# [WORK REQUIRED]
Scan the entries below, and for each line that includes the word "thesis", make a copy.

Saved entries
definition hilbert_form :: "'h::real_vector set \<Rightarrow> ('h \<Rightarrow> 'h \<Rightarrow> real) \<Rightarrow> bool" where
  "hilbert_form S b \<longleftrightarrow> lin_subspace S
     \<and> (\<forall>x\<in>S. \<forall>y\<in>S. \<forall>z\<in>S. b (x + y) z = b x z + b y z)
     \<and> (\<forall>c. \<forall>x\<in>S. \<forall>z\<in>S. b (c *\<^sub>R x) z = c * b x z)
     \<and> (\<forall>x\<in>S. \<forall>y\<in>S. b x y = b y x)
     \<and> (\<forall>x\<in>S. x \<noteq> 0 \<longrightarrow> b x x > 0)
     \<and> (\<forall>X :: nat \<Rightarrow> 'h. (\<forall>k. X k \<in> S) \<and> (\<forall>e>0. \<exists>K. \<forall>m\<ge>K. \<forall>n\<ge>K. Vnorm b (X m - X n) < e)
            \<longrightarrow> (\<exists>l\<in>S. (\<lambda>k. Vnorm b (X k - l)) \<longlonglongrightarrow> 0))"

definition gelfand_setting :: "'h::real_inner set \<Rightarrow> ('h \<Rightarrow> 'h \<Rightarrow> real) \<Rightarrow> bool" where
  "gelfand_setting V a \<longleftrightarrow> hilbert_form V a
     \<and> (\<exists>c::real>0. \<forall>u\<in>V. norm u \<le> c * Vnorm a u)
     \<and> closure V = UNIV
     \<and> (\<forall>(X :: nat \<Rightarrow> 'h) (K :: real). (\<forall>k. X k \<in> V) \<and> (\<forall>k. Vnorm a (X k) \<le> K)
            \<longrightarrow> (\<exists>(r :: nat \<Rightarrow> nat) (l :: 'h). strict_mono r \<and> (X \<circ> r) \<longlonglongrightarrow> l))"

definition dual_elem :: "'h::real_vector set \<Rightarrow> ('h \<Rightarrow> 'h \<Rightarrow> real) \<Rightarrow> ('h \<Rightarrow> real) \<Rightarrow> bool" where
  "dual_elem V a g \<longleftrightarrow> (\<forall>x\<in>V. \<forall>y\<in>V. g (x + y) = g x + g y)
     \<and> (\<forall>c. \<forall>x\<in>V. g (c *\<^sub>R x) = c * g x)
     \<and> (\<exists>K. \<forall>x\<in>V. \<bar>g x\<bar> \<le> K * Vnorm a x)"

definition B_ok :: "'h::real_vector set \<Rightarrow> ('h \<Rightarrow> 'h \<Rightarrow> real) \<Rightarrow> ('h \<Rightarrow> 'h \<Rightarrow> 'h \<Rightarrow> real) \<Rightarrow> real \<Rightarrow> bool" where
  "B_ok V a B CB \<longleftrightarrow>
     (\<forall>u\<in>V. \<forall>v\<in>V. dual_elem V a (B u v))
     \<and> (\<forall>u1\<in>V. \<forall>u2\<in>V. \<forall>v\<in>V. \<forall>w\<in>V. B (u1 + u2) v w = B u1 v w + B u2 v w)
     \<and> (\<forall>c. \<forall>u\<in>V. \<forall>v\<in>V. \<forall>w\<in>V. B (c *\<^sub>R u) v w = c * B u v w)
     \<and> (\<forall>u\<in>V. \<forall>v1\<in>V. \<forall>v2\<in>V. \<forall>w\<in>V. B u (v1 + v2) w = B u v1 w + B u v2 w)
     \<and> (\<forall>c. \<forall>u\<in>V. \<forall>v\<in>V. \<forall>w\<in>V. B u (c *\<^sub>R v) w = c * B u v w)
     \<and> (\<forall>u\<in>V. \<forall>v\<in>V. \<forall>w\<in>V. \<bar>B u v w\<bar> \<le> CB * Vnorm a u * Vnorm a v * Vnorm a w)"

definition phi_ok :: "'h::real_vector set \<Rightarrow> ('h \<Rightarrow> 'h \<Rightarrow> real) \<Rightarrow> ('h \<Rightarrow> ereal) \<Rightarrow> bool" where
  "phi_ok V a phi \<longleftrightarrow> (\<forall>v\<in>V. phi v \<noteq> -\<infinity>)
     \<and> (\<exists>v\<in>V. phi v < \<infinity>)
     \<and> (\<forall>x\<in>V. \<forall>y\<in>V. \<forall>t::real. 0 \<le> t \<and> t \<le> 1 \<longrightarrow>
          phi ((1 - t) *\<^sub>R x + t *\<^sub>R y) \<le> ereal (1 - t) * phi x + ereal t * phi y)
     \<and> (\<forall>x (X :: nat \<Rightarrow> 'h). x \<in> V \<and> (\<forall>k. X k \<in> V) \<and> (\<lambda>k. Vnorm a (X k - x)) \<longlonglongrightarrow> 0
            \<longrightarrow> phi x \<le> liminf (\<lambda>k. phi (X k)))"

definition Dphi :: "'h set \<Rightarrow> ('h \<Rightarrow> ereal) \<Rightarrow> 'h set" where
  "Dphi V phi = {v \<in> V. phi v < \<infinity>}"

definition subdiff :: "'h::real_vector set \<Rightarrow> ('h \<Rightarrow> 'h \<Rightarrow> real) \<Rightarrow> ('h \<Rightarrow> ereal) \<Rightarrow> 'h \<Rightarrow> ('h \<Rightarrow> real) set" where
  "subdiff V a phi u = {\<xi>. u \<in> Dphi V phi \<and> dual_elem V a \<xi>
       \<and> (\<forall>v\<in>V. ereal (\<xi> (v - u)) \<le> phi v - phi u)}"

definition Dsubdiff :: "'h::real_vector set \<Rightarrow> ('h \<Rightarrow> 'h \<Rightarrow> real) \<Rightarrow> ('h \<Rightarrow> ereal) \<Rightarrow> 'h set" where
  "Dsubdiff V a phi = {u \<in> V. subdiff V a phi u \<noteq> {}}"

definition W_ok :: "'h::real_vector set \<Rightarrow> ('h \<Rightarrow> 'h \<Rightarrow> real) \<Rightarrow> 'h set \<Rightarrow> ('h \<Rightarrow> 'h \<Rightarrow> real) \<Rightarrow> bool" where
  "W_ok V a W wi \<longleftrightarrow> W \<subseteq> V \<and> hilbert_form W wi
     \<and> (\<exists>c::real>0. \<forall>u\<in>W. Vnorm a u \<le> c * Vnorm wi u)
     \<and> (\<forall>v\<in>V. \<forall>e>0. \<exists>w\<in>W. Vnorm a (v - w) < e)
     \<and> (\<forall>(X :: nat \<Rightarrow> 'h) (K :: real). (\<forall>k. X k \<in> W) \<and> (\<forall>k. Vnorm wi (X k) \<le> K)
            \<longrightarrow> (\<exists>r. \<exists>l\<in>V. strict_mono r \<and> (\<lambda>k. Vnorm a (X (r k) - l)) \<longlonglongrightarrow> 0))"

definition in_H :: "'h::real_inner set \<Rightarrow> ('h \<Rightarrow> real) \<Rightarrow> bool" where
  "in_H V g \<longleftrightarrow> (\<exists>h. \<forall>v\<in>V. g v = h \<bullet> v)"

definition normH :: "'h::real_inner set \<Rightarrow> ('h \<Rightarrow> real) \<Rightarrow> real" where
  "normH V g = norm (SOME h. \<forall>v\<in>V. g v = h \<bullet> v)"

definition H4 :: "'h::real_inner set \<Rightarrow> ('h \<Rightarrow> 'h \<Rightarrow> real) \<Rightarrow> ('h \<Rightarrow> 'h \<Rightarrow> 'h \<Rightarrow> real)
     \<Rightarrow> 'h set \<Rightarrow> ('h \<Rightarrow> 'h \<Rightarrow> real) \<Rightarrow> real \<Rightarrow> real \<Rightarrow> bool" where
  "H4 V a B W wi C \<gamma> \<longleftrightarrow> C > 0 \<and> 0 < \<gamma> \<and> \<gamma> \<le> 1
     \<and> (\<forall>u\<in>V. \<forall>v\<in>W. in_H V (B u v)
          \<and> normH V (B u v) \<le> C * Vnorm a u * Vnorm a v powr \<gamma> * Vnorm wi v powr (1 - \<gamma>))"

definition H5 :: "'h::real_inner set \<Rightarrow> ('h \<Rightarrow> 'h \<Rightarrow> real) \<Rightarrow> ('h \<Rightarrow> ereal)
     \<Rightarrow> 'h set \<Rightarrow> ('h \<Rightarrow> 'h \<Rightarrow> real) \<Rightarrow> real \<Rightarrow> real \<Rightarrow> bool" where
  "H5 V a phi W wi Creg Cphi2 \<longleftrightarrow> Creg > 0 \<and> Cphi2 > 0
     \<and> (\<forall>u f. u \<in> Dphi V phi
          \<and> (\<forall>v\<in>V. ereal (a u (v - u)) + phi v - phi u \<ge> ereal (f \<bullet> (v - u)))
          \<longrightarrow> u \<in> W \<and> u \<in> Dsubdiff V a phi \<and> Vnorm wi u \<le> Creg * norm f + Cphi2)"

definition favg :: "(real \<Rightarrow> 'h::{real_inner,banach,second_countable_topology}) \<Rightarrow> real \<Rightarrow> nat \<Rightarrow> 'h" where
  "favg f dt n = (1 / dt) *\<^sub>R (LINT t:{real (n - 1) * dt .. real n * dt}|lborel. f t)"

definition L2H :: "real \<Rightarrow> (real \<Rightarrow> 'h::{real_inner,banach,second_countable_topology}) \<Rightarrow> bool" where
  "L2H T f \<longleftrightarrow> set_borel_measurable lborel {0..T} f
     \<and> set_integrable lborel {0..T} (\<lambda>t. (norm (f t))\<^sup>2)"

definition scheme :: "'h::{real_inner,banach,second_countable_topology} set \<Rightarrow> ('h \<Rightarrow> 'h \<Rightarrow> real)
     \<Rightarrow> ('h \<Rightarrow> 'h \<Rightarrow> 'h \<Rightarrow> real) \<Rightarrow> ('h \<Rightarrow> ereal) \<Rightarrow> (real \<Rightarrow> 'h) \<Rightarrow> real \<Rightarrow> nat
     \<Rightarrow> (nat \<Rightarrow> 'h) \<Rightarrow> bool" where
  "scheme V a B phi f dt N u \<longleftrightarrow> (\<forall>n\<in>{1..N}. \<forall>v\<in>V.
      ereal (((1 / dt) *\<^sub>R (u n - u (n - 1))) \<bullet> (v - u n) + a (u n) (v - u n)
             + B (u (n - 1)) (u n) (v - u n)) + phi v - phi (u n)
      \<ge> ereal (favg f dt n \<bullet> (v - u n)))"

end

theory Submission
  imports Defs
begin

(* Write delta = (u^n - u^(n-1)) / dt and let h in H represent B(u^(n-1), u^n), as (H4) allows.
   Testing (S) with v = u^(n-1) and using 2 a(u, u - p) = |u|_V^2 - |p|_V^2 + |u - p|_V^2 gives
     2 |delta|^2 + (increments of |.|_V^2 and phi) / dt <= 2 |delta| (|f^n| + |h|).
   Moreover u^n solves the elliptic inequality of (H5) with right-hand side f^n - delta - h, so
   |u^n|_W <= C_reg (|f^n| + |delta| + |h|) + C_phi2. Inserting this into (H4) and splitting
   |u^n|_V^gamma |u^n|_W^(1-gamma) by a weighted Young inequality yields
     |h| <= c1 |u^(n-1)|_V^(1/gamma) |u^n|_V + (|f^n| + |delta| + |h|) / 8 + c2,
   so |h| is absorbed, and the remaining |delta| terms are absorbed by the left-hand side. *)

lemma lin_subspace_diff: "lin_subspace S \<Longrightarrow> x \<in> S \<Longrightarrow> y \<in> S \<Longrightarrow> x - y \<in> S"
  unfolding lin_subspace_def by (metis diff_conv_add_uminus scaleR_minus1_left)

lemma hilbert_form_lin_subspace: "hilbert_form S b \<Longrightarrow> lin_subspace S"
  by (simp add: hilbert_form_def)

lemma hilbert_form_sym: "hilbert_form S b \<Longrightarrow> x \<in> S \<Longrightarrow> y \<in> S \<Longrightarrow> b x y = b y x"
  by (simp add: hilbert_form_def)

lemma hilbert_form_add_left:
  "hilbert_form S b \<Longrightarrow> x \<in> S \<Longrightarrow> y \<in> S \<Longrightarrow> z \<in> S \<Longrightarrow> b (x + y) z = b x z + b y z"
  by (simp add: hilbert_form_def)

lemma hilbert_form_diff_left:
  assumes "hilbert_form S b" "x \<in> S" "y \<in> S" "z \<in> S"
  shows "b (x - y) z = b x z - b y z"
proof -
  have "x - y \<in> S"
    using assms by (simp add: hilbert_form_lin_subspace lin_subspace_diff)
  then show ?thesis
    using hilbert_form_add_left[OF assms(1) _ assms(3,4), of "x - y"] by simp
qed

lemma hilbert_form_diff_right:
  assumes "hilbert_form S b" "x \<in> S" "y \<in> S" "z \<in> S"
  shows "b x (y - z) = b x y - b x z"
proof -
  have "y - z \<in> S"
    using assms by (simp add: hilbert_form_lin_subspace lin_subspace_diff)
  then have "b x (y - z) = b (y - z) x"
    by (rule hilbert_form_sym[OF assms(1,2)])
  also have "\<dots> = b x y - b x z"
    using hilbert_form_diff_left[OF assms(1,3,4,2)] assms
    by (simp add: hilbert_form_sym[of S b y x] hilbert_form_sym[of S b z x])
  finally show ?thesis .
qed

# [EXPECTED ANSWER]
  then show ?thesis
  finally show ?thesis .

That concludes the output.